_Task details_.
Find the line with "theory Submission" in the entries below, then reproduce it and every line after it down to and including the line with "t\<close> yields a", exactly.

BEGIN

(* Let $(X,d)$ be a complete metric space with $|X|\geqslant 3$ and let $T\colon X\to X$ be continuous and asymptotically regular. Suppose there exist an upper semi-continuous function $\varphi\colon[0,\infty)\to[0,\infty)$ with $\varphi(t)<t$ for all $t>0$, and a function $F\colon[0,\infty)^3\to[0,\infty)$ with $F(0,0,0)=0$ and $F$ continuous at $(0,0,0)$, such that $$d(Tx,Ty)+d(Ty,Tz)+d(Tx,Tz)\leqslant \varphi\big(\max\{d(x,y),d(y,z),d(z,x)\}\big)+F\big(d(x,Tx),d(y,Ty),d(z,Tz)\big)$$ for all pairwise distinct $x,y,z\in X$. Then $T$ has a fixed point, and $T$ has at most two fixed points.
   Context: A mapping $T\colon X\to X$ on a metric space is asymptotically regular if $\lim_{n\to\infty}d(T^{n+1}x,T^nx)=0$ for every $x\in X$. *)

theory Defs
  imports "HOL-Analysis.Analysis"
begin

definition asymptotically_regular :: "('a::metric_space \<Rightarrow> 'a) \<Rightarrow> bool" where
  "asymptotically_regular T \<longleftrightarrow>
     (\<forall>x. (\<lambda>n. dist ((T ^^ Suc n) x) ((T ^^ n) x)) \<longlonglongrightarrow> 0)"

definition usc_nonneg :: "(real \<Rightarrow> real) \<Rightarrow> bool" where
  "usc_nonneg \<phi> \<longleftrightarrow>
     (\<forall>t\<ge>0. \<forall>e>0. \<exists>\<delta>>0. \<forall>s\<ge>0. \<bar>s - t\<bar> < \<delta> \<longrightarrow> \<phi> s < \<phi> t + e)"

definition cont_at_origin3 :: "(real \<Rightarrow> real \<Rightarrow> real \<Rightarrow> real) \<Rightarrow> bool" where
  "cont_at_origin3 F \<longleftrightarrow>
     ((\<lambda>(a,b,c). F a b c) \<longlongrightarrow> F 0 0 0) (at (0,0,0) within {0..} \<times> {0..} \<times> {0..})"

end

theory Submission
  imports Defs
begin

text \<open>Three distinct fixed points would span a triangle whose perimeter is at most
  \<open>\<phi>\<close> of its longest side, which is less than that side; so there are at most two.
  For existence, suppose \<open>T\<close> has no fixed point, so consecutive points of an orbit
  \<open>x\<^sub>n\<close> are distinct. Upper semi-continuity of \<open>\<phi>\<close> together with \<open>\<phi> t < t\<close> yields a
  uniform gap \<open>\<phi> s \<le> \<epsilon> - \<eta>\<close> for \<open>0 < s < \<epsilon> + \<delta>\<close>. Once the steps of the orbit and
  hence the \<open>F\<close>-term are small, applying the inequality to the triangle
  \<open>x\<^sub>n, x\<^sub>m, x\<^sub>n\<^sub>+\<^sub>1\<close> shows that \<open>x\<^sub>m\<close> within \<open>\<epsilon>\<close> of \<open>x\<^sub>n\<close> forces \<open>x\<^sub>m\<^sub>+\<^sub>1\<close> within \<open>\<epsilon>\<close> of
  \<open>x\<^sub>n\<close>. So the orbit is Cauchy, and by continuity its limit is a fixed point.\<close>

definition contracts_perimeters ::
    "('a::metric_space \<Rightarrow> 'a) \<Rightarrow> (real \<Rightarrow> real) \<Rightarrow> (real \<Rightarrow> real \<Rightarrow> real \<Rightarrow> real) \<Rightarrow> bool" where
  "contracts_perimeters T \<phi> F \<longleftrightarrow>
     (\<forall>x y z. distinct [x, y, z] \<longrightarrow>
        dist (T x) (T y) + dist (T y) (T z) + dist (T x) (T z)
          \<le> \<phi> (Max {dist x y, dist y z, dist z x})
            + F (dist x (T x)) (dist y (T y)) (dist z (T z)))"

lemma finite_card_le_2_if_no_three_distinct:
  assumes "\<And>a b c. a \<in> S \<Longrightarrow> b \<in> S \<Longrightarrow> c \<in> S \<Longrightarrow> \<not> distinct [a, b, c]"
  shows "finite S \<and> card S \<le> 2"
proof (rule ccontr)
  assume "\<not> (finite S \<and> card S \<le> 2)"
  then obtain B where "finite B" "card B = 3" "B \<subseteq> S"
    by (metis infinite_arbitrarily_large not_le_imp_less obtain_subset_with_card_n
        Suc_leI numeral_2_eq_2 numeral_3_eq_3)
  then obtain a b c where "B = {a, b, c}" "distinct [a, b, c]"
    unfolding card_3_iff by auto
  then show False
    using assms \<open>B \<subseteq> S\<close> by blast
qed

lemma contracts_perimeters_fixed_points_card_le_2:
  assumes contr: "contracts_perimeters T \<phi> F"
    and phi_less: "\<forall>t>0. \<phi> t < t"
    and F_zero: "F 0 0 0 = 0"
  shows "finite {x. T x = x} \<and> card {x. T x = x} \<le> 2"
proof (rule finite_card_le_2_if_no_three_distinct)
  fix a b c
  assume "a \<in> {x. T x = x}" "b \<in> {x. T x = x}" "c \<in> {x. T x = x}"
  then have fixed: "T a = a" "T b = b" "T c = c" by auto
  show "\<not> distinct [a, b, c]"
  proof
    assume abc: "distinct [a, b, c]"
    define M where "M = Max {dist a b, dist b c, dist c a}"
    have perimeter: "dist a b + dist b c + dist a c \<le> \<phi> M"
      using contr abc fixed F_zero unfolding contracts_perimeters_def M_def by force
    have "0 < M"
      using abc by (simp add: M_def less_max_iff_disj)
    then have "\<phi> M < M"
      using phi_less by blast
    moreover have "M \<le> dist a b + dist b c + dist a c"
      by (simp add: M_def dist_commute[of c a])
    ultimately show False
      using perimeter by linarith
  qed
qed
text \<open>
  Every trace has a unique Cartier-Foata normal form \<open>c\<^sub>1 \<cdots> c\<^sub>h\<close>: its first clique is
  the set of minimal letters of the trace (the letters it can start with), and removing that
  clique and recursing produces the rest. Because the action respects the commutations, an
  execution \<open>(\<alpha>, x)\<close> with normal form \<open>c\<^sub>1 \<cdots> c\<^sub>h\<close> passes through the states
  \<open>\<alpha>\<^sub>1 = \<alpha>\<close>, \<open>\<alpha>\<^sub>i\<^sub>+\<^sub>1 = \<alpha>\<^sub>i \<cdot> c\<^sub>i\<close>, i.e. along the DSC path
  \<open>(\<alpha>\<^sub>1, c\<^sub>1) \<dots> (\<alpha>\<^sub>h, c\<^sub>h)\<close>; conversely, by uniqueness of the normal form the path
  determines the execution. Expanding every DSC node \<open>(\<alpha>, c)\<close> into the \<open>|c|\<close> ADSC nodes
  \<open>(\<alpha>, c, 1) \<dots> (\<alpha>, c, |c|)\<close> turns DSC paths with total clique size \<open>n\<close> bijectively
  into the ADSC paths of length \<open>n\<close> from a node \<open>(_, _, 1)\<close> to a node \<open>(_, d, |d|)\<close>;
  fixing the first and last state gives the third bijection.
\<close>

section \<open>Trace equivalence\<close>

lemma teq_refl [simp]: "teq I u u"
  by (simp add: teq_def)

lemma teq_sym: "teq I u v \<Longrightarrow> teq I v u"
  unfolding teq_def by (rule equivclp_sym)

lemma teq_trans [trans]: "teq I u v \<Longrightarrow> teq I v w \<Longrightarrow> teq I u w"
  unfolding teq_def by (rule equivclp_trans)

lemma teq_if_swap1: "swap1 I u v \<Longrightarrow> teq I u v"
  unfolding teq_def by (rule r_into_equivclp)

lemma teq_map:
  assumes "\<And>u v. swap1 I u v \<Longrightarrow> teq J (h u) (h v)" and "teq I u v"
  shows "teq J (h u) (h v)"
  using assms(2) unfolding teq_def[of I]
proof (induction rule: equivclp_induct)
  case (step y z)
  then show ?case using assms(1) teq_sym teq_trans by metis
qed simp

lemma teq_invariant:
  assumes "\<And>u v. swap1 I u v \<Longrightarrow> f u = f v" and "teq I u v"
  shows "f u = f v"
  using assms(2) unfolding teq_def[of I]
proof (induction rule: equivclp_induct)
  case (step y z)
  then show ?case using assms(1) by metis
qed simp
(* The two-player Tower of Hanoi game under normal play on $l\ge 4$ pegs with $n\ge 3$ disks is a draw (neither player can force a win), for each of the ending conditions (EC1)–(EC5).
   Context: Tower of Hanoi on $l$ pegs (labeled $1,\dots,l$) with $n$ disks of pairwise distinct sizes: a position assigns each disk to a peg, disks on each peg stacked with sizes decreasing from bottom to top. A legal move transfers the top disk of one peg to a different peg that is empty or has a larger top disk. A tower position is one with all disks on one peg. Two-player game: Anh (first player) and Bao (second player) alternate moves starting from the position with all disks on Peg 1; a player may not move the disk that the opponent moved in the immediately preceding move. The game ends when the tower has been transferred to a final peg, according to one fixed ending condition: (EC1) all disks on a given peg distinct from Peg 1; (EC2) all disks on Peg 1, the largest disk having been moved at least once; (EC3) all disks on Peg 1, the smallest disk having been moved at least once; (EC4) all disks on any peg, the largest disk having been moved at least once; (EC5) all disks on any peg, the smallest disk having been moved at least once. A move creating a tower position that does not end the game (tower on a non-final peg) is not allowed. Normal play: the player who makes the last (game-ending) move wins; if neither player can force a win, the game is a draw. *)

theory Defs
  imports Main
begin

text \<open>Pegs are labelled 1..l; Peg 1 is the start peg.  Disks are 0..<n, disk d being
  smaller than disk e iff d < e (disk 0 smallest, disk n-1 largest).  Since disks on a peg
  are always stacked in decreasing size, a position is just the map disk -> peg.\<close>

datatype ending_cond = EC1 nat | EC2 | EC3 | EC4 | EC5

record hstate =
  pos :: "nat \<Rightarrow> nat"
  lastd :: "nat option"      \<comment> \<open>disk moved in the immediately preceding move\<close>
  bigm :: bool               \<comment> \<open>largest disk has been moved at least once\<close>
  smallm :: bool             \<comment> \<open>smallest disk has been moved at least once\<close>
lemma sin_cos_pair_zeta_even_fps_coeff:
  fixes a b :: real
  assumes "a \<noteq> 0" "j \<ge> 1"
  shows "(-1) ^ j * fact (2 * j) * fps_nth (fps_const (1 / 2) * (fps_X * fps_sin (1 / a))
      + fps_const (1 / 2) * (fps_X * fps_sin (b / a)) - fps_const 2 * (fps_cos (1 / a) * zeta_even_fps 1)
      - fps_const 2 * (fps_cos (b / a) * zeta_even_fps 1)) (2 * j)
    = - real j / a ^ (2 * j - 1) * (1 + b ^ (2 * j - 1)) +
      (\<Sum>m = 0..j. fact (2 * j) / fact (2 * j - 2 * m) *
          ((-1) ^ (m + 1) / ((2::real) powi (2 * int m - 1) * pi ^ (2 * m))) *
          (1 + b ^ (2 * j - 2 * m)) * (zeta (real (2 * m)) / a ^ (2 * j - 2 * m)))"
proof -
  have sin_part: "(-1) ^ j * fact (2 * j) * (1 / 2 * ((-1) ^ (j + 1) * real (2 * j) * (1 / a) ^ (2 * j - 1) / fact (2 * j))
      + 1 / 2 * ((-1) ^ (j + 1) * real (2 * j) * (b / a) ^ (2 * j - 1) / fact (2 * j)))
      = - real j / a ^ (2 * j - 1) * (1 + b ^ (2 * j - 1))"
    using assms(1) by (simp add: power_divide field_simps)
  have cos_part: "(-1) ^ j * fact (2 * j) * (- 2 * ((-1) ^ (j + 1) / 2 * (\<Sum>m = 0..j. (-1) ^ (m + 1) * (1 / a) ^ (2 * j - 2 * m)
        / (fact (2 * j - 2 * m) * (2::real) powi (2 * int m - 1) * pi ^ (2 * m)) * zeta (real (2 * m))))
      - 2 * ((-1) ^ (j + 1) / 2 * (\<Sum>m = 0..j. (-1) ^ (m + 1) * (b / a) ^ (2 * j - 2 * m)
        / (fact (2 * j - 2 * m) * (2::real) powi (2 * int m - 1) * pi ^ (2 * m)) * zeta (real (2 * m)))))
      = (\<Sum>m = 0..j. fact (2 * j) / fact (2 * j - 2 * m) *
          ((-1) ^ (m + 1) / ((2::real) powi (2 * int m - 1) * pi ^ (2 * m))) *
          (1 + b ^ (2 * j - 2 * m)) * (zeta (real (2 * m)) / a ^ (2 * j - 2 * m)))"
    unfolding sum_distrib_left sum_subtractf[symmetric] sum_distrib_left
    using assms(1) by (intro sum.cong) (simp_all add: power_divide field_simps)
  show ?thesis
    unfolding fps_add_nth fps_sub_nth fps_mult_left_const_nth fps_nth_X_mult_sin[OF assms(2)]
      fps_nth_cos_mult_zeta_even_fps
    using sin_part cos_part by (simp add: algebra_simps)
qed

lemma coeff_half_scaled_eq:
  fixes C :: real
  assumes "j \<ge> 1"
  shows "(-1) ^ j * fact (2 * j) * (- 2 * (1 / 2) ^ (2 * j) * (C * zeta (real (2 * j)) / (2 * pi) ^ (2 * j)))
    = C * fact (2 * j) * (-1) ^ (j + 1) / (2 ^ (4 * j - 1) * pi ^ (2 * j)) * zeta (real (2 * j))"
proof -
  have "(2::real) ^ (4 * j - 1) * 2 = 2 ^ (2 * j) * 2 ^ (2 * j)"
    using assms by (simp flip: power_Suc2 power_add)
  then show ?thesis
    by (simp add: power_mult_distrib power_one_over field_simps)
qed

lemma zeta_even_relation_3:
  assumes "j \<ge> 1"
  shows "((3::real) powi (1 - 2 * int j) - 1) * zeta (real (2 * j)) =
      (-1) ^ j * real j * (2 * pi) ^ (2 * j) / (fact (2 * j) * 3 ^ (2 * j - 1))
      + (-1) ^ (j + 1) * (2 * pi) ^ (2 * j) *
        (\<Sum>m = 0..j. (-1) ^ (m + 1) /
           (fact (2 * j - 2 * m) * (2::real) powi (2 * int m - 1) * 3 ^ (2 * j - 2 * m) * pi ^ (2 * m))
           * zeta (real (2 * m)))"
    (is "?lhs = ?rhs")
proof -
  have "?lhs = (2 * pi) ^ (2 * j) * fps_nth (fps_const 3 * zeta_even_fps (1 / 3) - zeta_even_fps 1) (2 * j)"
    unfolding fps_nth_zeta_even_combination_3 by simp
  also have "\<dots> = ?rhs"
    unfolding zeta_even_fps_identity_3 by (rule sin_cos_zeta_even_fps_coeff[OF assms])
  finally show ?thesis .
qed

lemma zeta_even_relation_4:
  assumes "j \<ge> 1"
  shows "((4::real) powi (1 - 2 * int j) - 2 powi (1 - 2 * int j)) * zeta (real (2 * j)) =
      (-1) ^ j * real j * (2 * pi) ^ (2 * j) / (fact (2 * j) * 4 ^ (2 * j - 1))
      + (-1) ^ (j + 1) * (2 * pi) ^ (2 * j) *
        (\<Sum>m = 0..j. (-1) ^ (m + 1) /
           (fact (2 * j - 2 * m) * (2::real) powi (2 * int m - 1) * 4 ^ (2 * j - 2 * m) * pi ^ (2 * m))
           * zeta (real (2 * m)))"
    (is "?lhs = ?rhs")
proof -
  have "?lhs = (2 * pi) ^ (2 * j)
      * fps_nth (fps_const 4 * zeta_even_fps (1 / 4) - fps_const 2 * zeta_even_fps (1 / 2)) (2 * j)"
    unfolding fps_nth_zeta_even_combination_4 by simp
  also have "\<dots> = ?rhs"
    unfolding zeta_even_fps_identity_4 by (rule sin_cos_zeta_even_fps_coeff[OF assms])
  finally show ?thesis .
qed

END

_Expected answer_.
theory Submission
  imports Defs
begin

text \<open>Three distinct fixed points would span a triangle whose perimeter is at most
  \<open>\<phi>\<close> of its longest side, which is less than that side; so there are at most two.
  For existence, suppose \<open>T\<close> has no fixed point, so consecutive points of an orbit
  \<open>x\<^sub>n\<close> are distinct. Upper semi-continuity of \<open>\<phi>\<close> together with \<open>\<phi> t < t\<close> yields a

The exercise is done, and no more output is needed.